**Source data**
[Start of Attachment]
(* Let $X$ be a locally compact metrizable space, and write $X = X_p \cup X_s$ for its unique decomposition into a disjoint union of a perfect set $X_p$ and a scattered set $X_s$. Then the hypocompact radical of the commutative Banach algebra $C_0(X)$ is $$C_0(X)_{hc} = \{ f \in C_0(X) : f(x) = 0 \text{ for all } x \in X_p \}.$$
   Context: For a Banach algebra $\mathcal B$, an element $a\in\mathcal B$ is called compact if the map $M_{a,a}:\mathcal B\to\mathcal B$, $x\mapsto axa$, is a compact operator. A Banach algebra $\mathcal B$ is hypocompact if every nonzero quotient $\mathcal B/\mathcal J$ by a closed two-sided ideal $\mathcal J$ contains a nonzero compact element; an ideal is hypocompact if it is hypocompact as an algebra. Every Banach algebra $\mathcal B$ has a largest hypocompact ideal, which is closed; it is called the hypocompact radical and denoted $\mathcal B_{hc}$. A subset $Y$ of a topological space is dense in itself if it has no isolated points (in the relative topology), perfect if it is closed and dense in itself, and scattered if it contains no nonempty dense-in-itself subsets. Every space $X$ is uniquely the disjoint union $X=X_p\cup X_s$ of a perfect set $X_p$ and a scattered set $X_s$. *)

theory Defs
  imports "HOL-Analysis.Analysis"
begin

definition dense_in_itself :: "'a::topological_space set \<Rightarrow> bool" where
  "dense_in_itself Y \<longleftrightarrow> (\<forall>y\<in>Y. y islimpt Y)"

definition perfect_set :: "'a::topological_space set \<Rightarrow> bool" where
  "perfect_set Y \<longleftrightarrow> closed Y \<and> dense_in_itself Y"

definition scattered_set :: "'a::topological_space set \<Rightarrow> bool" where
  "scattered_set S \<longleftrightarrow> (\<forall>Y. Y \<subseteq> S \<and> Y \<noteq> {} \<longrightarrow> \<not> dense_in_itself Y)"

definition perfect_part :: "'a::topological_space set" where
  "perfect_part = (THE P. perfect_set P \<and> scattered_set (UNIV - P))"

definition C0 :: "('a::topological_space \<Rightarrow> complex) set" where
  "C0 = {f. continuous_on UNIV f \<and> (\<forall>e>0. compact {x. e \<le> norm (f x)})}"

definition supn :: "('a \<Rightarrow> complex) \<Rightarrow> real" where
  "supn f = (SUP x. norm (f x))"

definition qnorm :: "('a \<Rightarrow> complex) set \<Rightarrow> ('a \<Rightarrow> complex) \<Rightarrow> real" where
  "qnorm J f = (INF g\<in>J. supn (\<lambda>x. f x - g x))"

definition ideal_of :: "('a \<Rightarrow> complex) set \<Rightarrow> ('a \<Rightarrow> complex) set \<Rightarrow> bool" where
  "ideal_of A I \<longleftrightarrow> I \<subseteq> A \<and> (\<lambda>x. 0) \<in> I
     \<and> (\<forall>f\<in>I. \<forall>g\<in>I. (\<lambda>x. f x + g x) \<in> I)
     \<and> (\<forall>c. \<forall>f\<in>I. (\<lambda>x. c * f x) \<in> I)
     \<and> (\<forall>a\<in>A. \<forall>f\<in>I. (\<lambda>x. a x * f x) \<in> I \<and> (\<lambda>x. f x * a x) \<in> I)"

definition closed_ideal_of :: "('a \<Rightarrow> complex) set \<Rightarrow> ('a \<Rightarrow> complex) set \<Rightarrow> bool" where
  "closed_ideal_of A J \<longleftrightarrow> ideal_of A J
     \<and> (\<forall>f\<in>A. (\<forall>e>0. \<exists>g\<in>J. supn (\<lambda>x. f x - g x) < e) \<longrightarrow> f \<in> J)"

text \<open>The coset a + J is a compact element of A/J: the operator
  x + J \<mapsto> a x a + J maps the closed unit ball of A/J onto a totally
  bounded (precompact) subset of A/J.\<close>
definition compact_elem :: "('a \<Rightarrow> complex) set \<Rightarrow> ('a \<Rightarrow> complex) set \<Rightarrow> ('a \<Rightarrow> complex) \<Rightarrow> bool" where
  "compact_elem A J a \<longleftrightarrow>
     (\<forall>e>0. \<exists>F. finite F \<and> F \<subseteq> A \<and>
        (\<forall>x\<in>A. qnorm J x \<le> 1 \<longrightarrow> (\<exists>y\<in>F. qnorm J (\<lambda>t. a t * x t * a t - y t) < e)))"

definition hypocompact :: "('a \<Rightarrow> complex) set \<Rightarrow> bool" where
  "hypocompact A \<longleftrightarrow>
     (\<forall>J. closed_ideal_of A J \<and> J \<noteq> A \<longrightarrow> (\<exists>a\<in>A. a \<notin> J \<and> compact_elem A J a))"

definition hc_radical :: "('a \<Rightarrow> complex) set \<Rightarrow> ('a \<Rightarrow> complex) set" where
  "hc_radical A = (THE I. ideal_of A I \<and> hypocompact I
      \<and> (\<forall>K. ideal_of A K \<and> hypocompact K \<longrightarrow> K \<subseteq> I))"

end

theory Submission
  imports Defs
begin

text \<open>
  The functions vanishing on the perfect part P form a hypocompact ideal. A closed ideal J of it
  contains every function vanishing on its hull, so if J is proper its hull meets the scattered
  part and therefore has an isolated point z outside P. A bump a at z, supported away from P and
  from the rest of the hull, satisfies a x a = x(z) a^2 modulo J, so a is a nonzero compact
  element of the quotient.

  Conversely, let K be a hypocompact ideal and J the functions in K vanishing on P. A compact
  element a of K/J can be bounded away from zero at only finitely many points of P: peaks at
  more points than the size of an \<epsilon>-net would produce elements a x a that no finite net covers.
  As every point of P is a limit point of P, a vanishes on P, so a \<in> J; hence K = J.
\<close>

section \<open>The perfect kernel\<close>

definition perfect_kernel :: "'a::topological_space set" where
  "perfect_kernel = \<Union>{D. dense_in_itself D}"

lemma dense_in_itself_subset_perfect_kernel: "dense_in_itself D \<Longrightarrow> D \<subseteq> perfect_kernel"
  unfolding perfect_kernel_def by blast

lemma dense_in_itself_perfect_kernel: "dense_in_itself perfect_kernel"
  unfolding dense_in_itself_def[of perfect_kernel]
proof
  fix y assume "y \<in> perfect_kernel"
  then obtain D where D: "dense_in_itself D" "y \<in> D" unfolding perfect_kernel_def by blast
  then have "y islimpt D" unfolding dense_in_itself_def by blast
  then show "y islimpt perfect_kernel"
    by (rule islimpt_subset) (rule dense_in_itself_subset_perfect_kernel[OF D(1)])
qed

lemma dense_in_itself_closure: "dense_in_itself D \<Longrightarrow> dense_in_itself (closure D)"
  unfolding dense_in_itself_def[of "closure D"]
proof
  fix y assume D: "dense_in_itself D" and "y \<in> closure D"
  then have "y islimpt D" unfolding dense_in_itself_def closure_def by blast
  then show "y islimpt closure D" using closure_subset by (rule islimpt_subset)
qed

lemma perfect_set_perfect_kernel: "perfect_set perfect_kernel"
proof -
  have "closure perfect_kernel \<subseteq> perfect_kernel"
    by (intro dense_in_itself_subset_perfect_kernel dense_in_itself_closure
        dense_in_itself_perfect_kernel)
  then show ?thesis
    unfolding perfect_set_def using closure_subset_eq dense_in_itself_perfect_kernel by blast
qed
[End of Attachment]
[Start of Attachment]
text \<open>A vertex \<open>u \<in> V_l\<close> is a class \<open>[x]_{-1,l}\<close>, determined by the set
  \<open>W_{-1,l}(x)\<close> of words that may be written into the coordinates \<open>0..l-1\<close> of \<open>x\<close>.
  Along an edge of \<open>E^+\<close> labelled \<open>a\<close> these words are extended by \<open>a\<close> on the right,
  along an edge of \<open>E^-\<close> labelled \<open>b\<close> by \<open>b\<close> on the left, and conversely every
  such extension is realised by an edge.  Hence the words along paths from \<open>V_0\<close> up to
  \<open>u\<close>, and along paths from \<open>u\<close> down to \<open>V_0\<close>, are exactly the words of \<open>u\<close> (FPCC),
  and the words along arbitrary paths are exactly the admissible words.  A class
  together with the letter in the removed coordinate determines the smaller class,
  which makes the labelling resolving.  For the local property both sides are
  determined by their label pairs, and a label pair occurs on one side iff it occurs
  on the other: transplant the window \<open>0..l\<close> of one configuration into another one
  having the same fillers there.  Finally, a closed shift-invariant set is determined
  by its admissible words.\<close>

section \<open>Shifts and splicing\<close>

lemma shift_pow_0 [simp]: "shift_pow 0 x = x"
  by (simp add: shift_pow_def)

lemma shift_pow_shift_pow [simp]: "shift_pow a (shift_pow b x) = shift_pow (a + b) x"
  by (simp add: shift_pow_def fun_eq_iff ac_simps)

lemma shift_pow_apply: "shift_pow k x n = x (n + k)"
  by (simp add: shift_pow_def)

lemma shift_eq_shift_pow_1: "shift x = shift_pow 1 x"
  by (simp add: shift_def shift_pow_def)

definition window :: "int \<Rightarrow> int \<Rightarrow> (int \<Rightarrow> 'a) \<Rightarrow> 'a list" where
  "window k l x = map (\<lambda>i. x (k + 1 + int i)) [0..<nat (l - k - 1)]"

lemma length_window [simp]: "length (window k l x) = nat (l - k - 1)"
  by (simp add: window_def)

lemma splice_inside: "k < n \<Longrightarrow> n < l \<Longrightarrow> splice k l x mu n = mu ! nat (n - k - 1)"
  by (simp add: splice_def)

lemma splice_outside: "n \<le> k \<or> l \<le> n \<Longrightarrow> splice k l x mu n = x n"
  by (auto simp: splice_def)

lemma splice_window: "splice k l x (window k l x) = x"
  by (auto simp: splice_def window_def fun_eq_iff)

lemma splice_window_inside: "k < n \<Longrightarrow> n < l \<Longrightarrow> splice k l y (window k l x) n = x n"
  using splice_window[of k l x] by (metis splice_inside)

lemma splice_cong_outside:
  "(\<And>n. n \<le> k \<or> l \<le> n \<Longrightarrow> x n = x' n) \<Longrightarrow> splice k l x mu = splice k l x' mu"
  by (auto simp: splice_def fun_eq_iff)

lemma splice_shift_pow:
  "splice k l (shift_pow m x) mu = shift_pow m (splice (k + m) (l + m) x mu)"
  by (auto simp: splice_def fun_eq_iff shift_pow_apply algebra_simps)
[End of Attachment]
**Activity**
Where a line above holds the string "class", show that line.

**Response below**
text \<open>A vertex \<open>u \<in> V_l\<close> is a class \<open>[x]_{-1,l}\<close>, determined by the set
  and the words along arbitrary paths are exactly the admissible words.  A class
  together with the letter in the removed coordinate determines the smaller class,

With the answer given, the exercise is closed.